Tag Archives: Labor

New Labor Forum Highlights: March 4th, 2019

The New Labor Forum has a bi-weekly newsletter on current topics in labor, curated by the some of the most insightful scholars and activists in the labor world today. Check out some highlights from the latest edition below.

Until recently, it has been assumed that among the most highly skilled and best paid soft-ware engineers and technicians, the chances of collective resistance to the labor and other managerial practices of the giants of the industry were virtually nil. However, journalist Julianne Tveten’s article for New Labor Forum’s winter 2019 issue records the growing fight back on the part of precisely these kinds of workers at places like Google and Microsoft. And some recent tech worker efforts have resulted in remarkable victories. Among them, the protest of senior engineers and others at Google that caused the company to end “Project Maven,” its contract with the Defense Department using artificial intelligence to improve the strike precision of the Pentagon’s drones. A distinct feature of this new organizing is the manner in which it combines political and more traditional labor organizing.
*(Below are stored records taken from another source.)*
text \<open>Bezoutian M_n(f1,f2) = (alpha_ij), 1 <= i,j <= n, where alpha_ij is the coefficient
  of x^(n-i) y^(n-j).  Entries are meaningful for 1 <= i,j <= n.\<close>
definition bezout_matrix :: "nat \<Rightarrow> 'a::field poly \<Rightarrow> 'a poly \<Rightarrow> nat \<Rightarrow> nat \<Rightarrow> 'a" where
  "bezout_matrix n f1 f2 i j = coeff (coeff (bezout_poly f1 f2) (n - i)) (n - j)"

end

theory Submission
  imports Defs
begin

(* x - y divides f1(x) f2(y) - f1(y) f2(x) because the difference vanishes at x = y, so the
   Bezoutian is bilinear in (f1, f2). For monomials the quotient (x^a y^b - x^b y^a) / (x - y)
   is a signed sum of monomials along a single antidiagonal. Writing f = x^n + t g, bilinearity
   splits M_n(f, f') into M_n(x^n, (x^n)'), which is n at (1,1) and 0 elsewhere, a part linear
   in t that combines the matrices M_n(x^n, (x^c)') + M_n(x^c, (x^n)') over the monomials x^c
   of g, and t^2 M_n(g, g'), which is M_s(g, g') padded by zeros since deg g, deg g' <= s. *)

lemma poly_in_x_add: "poly_in_x (p + q) = poly_in_x p + poly_in_x q"
  by (rule poly_eqI) (simp add: poly_in_x_def coeff_map_poly)

lemma poly_in_y_add: "poly_in_y (p + q) = poly_in_y p + poly_in_y q"
  by (simp add: poly_in_y_def)

lemma poly_in_x_smult: "poly_in_x (smult c p) = smult [:c:] (poly_in_x p)"
  by (rule poly_eqI) (simp add: poly_in_x_def coeff_map_poly)

lemma poly_in_y_smult: "poly_in_y (smult c p) = smult [:c:] (poly_in_y p)"
  by (simp add: poly_in_y_def)

lemma x_minus_y_eq: "poly_in_x [:0, 1:] - poly_in_y [:0, 1:] = [:- [:0, 1:], 1 :: 'a::comm_ring_1 poly:]"
  by (simp add: poly_in_x_def poly_in_y_def map_poly_pCons)

lemma x_minus_y_dvd:
  "poly_in_x [:0, 1:] - poly_in_y [:0, 1:] dvd poly_in_x p - poly_in_y (p :: 'a::comm_ring_1 poly)"
proof -
  have "poly (poly_in_x p - poly_in_y p) [:0, 1:] = 0"
    by (simp add: poly_in_x_def poly_in_y_def pcompose_altdef[symmetric])
  then show ?thesis
    by (simp add: x_minus_y_eq dvd_iff_poly_eq_0)
qed

lemma mult_bezout_poly:
  "(poly_in_x [:0, 1:] - poly_in_y [:0, 1:]) * bezout_poly f1 f2
     = poly_in_x f1 * poly_in_y f2 - poly_in_y f1 * poly_in_x f2"
proof -
  have "poly_in_x f1 * poly_in_y f2 - poly_in_y f1 * poly_in_x f2
      = (poly_in_x f1 - poly_in_y f1) * poly_in_x f2 - poly_in_x f1 * (poly_in_x f2 - poly_in_y f2)"
    by (simp add: algebra_simps)
  then have "poly_in_x [:0, 1:] - poly_in_y [:0, 1:]
      dvd poly_in_x f1 * poly_in_y f2 - poly_in_y f1 * poly_in_x f2"
    by (simp add: x_minus_y_dvd)
  then show ?thesis
    unfolding bezout_poly_def by (rule dvd_mult_div_cancel)
qed

lemma x_minus_y_nonzero: "poly_in_x [:0, 1:] - poly_in_y [:0, 1:] \<noteq> (0 :: 'a::comm_ring_1 poly poly)"
  by (simp add: x_minus_y_eq)

lemma bezout_poly_eqI:
  assumes "poly_in_x f1 * poly_in_y f2 - poly_in_y f1 * poly_in_x f2
      = (poly_in_x [:0, 1:] - poly_in_y [:0, 1:]) * q"
  shows "bezout_poly f1 f2 = q"
  using mult_bezout_poly[of f1 f2] assms x_minus_y_nonzero mult_left_cancel by metis

lemma bezout_poly_add_left: "bezout_poly (f1 + f2) g = bezout_poly f1 g + bezout_poly f2 g"
  by (rule bezout_poly_eqI)
     (simp only: distrib_left mult_bezout_poly poly_in_x_add poly_in_y_add, simp add: algebra_simps)

lemma bezout_poly_add_right: "bezout_poly f (g1 + g2) = bezout_poly f g1 + bezout_poly f g2"
  by (rule bezout_poly_eqI)
     (simp only: distrib_left mult_bezout_poly poly_in_x_add poly_in_y_add, simp add: algebra_simps)

lemma bezout_poly_smult_left: "bezout_poly (smult c f) g = smult [:c:] (bezout_poly f g)"
  by (rule bezout_poly_eqI)
     (simp only: mult_smult_right mult_bezout_poly poly_in_x_smult poly_in_y_smult,
      simp add: smult_diff_right)

lemma bezout_poly_smult_right: "bezout_poly f (smult c g) = smult [:c:] (bezout_poly f g)"
  by (rule bezout_poly_eqI)
     (simp only: mult_smult_right mult_bezout_poly poly_in_x_smult poly_in_y_smult,
      simp add: smult_diff_right)

lemma bezout_poly_0_left: "bezout_poly 0 g = 0"
  using bezout_poly_smult_left[of 0 0 g] by simp

lemma bezout_poly_0_right: "bezout_poly f 0 = 0"
  using bezout_poly_smult_right[of f 0 0] by simp

lemma bezout_poly_sum_left: "bezout_poly (\<Sum>c\<in>A. f c) g = (\<Sum>c\<in>A. bezout_poly (f c) g)"
  by (induction A rule: infinite_finite_induct) (simp_all add: bezout_poly_0_left bezout_poly_add_left)

lemma bezout_poly_sum_right: "bezout_poly f (\<Sum>c\<in>A. g c) = (\<Sum>c\<in>A. bezout_poly f (g c))"
  by (induction A rule: infinite_finite_induct) (simp_all add: bezout_poly_0_right bezout_poly_add_right)

definition xy_monom :: "nat \<Rightarrow> nat \<Rightarrow> 'a::comm_ring_1 poly poly" where
  "xy_monom u v = monom (monom 1 v) u"

lemma coeff_xy_monom: "coeff (coeff (xy_monom u v) P) Q = (if P = u \<and> Q = v then 1 else 0)"
  by (simp add: xy_monom_def)

lemma x_minus_y_mult_xy_monom:
  "(poly_in_x [:0, 1:] - poly_in_y [:0, 1:]) * xy_monom u v = xy_monom (Suc u) v - xy_monom u (Suc v)"
  by (rule poly_eqI, rule poly_eqI)
     (simp add: x_minus_y_eq xy_monom_def coeff_monom_mult coeff_pCons split: nat.split)

definition xy_antidiagonal :: "nat \<Rightarrow> nat \<Rightarrow> 'a::comm_ring_1 poly poly" where
  "xy_antidiagonal a b = (\<Sum>p<a - b. xy_monom (b + p) (a - Suc p))"

lemma x_minus_y_mult_xy_antidiagonal:
  assumes "b \<le> a"
  shows "(poly_in_x [:0, 1:] - poly_in_y [:0, 1:]) * xy_antidiagonal a b = xy_monom a b - xy_monom b a"
proof -
  define F where "F p = (xy_monom (b + p) (a - p) :: 'a poly poly)" for p
  have "(poly_in_x [:0, 1:] - poly_in_y [:0, 1:]) * xy_antidiagonal a b = (\<Sum>p<a - b. F (Suc p) - F p)"
    unfolding xy_antidiagonal_def sum_distrib_left
  proof (rule sum.cong)
    fix p assume "p \<in> {..<a - b}"
    then have "Suc (a - Suc p) = a - p" by auto
    then show "(poly_in_x [:0, 1:] - poly_in_y [:0, 1:]) * xy_monom (b + p) (a - Suc p) = F (Suc p) - F p"
      by (simp add: x_minus_y_mult_xy_monom F_def)
  qed simp
  also have "\<dots> = F (a - b) - F 0"
    by (rule sum_lessThan_telescope)
  also have "\<dots> = xy_monom a b - xy_monom b a"
    using assms by (simp add: F_def)
  finally show ?thesis .
qed

lemma coeff_xy_antidiagonal:
  "coeff (coeff (xy_antidiagonal a b :: 'a::comm_ring_1 poly poly) P) Q
     = (if b \<le> P \<and> b \<le> Q \<and> P + Q + 1 = a + b then 1 else 0)"
proof -
  have "coeff (coeff (xy_antidiagonal a b :: 'a poly poly) P) Q
      = (\<Sum>p<a - b. if p = P - b then if b \<le> P \<and> Q = a - Suc p then 1 else 0 else 0)"
    unfolding xy_antidiagonal_def coeff_sum by (intro sum.cong) (auto simp: coeff_xy_monom)
  also have "\<dots> = (if P - b < a - b \<and> b \<le> P \<and> Q = a - Suc (P - b) then 1 else 0)"
    by simp
  also have "\<dots> = (if b \<le> P \<and> b \<le> Q \<and> P + Q + 1 = a + b then 1 else 0)"
    by (intro if_cong) auto
  finally show ?thesis .
qed

lemma bezout_poly_monom:
  "bezout_poly (monom 1 a) (monom 1 b) = xy_antidiagonal a b - xy_antidiagonal b a"
proof (rule bezout_poly_eqI)
  have xy: "poly_in_x (monom 1 u) * poly_in_y (monom 1 v) = xy_monom u v" for u v
    by (rule poly_eqI, rule poly_eqI) (simp add: poly_in_x_def poly_in_y_def xy_monom_def coeff_map_poly)
  have vanish: "xy_antidiagonal u v = 0" if "u \<le> v" for u v
    using that by (simp add: xy_antidiagonal_def)
  show "poly_in_x (monom 1 a) * poly_in_y (monom 1 b) - poly_in_y (monom 1 a) * poly_in_x (monom 1 b)
      = (poly_in_x [:0, 1:] - poly_in_y [:0, 1:]) * (xy_antidiagonal a b - xy_antidiagonal b a)"
    by (cases "b \<le> a")
       (simp_all add: mult.commute[of "poly_in_y _"] xy vanish right_diff_distrib x_minus_y_mult_xy_antidiagonal)
qed

lemma coeff_bezout_poly_monom:
  "coeff (coeff (bezout_poly (monom 1 a) (monom 1 b)) P) Q
     = (if P + Q + 1 = a + b \<and> min a b \<le> P \<and> min a b \<le> Q then if b < a then 1 else -1 else (0::'a::field))"
  by (auto simp: bezout_poly_monom coeff_xy_antidiagonal)

lemma coeff_bezout_poly:
  assumes "degree f \<le> N" "degree g \<le> N"
  shows "coeff (coeff (bezout_poly f g) P) Q
    = (\<Sum>a\<le>N. \<Sum>b\<le>N. coeff f a * coeff g b * coeff (coeff (bezout_poly (monom 1 a) (monom 1 b)) P) Q)"
proof -
  have "p = (\<Sum>a\<le>N. smult (coeff p a) (monom 1 a))" if "degree p \<le> N" for p :: "'a poly"
    using poly_as_sum_of_monoms'[OF that] by (simp add: smult_monom)
  then have "bezout_poly f g = bezout_poly (\<Sum>a\<le>N. smult (coeff f a) (monom 1 a))
      (\<Sum>b\<le>N. smult (coeff g b) (monom 1 b))"
    using assms by simp
  also have "\<dots> = (\<Sum>a\<le>N. smult [:coeff f a:]
      (\<Sum>b\<le>N. smult [:coeff g b:] (bezout_poly (monom 1 a) (monom 1 b))))"
    by (simp only: bezout_poly_sum_left bezout_poly_smult_left)
       (simp only: bezout_poly_sum_right bezout_poly_smult_right)
  finally show ?thesis
    by (simp add: coeff_sum sum_distrib_left mult_ac)
qed

lemma coeff_bezout_poly_eq_0:
  assumes "degree f \<le> N" "degree g \<le> N" "N \<le> P \<or> N \<le> Q"
  shows "coeff (coeff (bezout_poly f g) P) Q = 0"
  using assms(3) unfolding coeff_bezout_poly[OF assms(1,2)]
  by (auto simp: coeff_bezout_poly_monom intro!: sum.neutral)

lemma bezout_matrix_shift:
  assumes "degree f \<le> s" "degree g \<le> s" "s \<le> n" "i \<le> n" "j \<le> n"
  shows "bezout_matrix n f g i j = (if n - s + 1 \<le> i \<and> n - s + 1 \<le> j
    then bezout_matrix s f g (i - (n - s)) (j - (n - s)) else 0)"
proof (cases "n - s + 1 \<le> i \<and> n - s + 1 \<le> j")
  case True
  then have "s - (i - (n - s)) = n - i" "s - (j - (n - s)) = n - j"
    using assms(3) by auto
  with True show ?thesis
    by (simp add: bezout_matrix_def)
next
  case False
  then have "s \<le> n - i \<or> s \<le> n - j"
    using assms(3-5) by auto
  then show ?thesis
    unfolding if_not_P[OF False] bezout_matrix_def by (rule coeff_bezout_poly_eq_0[OF assms(1,2)])
qed

lemma bezout_poly_add_smult_pderiv:
  "bezout_poly (p + smult t g) (pderiv (p + smult t g))
     = bezout_poly p (pderiv p) + smult [:t:] (bezout_poly p (pderiv g) + bezout_poly g (pderiv p))
       + smult [:t ^ 2:] (bezout_poly g (pderiv g))"
  by (simp add: pderiv_add pderiv_smult bezout_poly_add_left bezout_poly_add_right
      bezout_poly_smult_left bezout_poly_smult_right smult_add_right power2_eq_square)

lemma pderiv_sum: "pderiv (\<Sum>x\<in>A. f x) = (\<Sum>x\<in>A. pderiv (f x))"
  using higher_pderiv_sum[of 1 f A] by simp

lemma pderiv_monom_1: "pderiv (monom 1 n) = smult (of_nat n) (monom 1 (n - 1))"
  by (simp add: pderiv_monom smult_monom)

lemma bezout_poly_pderiv_sum_monom:
  "bezout_poly p (pderiv (\<Sum>c\<in>A. monom (a c) c)) + bezout_poly (\<Sum>c\<in>A. monom (a c) c) (pderiv p)
     = (\<Sum>c\<in>A. smult [:a c:] (bezout_poly p (pderiv (monom 1 c)) + bezout_poly (monom 1 c) (pderiv p)))"
proof -
  have "(\<Sum>c\<in>A. monom (a c) c) = (\<Sum>c\<in>A. smult (a c) (monom 1 c))"
    by (simp add: smult_monom)
  then show ?thesis
    by (simp add: pderiv_sum pderiv_smult bezout_poly_sum_left bezout_poly_sum_right
        bezout_poly_smult_left bezout_poly_smult_right smult_add_right sum.distrib)
qed

lemma bezout_matrix_monom:
  assumes "i \<le> n" "j \<le> n"
  shows "bezout_matrix n (monom 1 a) (monom 1 b) i j
    = (if i + j + a + b = 2 * n + 1 \<and> i + min a b \<le> n \<and> j + min a b \<le> n
       then if b < a then 1 else -1 else (0::'a::field))"
proof -
  have "n - i + (n - j) + 1 = a + b \<and> min a b \<le> n - i \<and> min a b \<le> n - j
      \<longleftrightarrow> i + j + a + b = 2 * n + 1 \<and> i + min a b \<le> n \<and> j + min a b \<le> n"
    using assms by linarith
  then show ?thesis
    by (simp add: bezout_matrix_def coeff_bezout_poly_monom)
qed

lemma bezout_matrix_monom_pderiv_monom:
  assumes "1 \<le> i" "i \<le> n" "1 \<le> j" "j \<le> n"
  shows "bezout_matrix n (monom 1 n) (pderiv (monom 1 n)) i j = (if i = 1 \<and> j = 1 then of_nat n else 0)"
  using assms by (auto simp: bezout_matrix_def pderiv_monom_1 bezout_poly_smult_right coeff_bezout_poly_monom)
Protests against sexual harassment at Google have brought these forms of organizing together to achieve a very recent, notable victory. In Wired, Nitasha Tiku covers the protests’ latest results: the ending of the company’s practice barring workers from initiating class-action suits, or from suing over discrimination or wrongful termination. The widening ideological and political divide between Silicon Valley’s CEOs and its employees has, no doubt, contributed to these advances. Moira Weigel and Ben Tarnoff, writing for The New Republic, note that media outlets have largely failed to take account of tech workers’ growing tendency to eschew the libertarianism prevalent in the corner offices of Silicon Valley for the solidarity of the labor movement. As evidence of this yawning ideological divide, we invite you to view SpeakOut.Tech’s video incitement to tech workers to stand up against their employers, assuring them, “We’ve got your back,” words common in any union hall.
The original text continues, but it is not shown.